List five factors which can impair fracture healing.

A
  • Displaced/comminuted fractures - can lead to deformity.
  • Inadequate immobilisation - prevents normal callus maturation causing delayed or non-union.
  • Open fractures - can become infected.
  • Malnutrition.
  • Skeletal dysplasia (congenital abnormalities).
17
Q

Describe the features of osteonecrosis.

A

Osteonecrosis is ischaemic necrosis of bone and bone marrow. The vascular insufficiency can occur through injury to blood vessels, thromboembolism, external pressure on vessels or through venous occlusion. In the setting of ‘the bends’, nitrogen which has previously been in solution within fatty bone marrow forms a gas as the pressure is reduced when a diver ascends. This gas can put pressure on blood vessels causing obstruction and infarction.

18
Q

List the conditions which are known to be associated with osteonecrosis.

A

Alcohol abuse, Bisphosphonate therapy (jaw bones), connective tissue disorders, steroid treatment, chronic pancreatitis, The ‘bends’, Gaucher disease, infection, pregnancy, radiotherapy, sickle cell disease, trauma and tumours.

19
Q

Define osteomyelitis.

A

Osteomyelitis is infection of the bone and bone marrow.

20
Q

List four factors which predispose to osteomyelitis.

A
  • Trauma.
  • Ischaemia.
  • Presence of foreign bodies.
  • Pressure ulcers.
21
Q

Which bacteria commonly cause osteomyelitis?

A

Contiguous spread from adjacent infected tissue or opened bones causes about 80% of osteomyelitis and this is often polymicrobial. Staphylococcus aureus is present in over half of patients and other common bacteria include streptococci, gram negative enteric organisms and anaerobic bacteria. Haematogenously spread osteomyelitis usually results from a single organism.

22
Q

Which bones are more commonly affected in children compared to adults?

A

In children gram positive infections are most common and these usually affect the metaphyses of the tibia, femur or humerus.

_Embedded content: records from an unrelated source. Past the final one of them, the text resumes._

text \<open>Optimum of the LP relaxation (as extended real; +\<infinity> if infeasible).\<close>
definition LP :: "'a set \<Rightarrow> ('a \<Rightarrow> 'a \<Rightarrow> bool) \<Rightarrow> 'a set \<Rightarrow> ereal" where
  "LP V E T = Inf {ereal (\<Sum>v \<in> V - T. d v) | d. lp_feasible V E T d}"

definition LP_fix0 :: "'a set \<Rightarrow> ('a \<Rightarrow> 'a \<Rightarrow> bool) \<Rightarrow> 'a set \<Rightarrow> 'a \<Rightarrow> ereal" where
  "LP_fix0 V E T w = Inf {ereal (\<Sum>v \<in> V - T. d v) | d. lp_feasible V E T d \<and> d w = 0}"

end

theory Submission
  imports Defs
begin

(*
  Let N be the set of non-terminals adjacent to a terminal.  By (R5) every terminal has a
  neighbour, which lies in N by (R1), and by (R2) distinct terminals have distinct
  neighbours; hence |T| <= |N|.  The heart of the proof is the bound |N| <= 2 LP(I), which
  together with p(I) >= 0 gives |T| <= 2k.

  For that bound take a nearly optimal LP solution d.  Moving the weight of a vertex w in N
  onto its neighbours yields a feasible solution with d_w = 0 (this uses (R2)), so by (R3)
  d_w is bounded below by a fixed eta > 0.  A terminal path through three vertices of N can
  be short-cut through a terminal adjacent to its middle N-vertex, avoiding one of the other
  two; hence such a path has weight at least 1 + eta.  Consequently lowering d by a tiny
  epsilon on N and rescaling by 1/(1 - 2 epsilon) stays feasible, and comparing its cost
  with LP(I) forces |N| <= 2 LP(I).
*)

section \<open>Paths and walks\<close>

text \<open>Paths in terms of the library predicate \<open>successively\<close>, which suits list surgery.\<close>
lemma is_path_successively:
  "is_path V E P \<longleftrightarrow> P \<noteq> [] \<and> distinct P \<and> set P \<subseteq> V \<and> successively E P"
  unfolding is_path_def successively_conv_nth by (auto simp: less_diff_conv)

In adults haematogenously spread osteomyelitis usually affects the vertebrae.

23
Q

List 5 risk factors for osteomyelitis in adults

A
  • Older age.
  • Debilitation.
  • Haemodialysis.
  • Sickle cell disease.
  • Injection drug use.
24
Q

Which organisms can cause osteomyelitis in patients who are immunosuppressed?

A

Fungi and mycobacteria can cause haematogenous osteomyelitis in patients who are immunosuppressed.

25
Q

If treatment of acute osteomyelitis is only partially successful what is the likely outcome?

A

Chronic osteomyelitis.

26
Q

What would you see if you examined a fracture at the end of the first week?

A

A mass of predominantly uncalcified tissue called soft callus. This would include granulation tissue and proliferating fibroblasts with collagen deposition.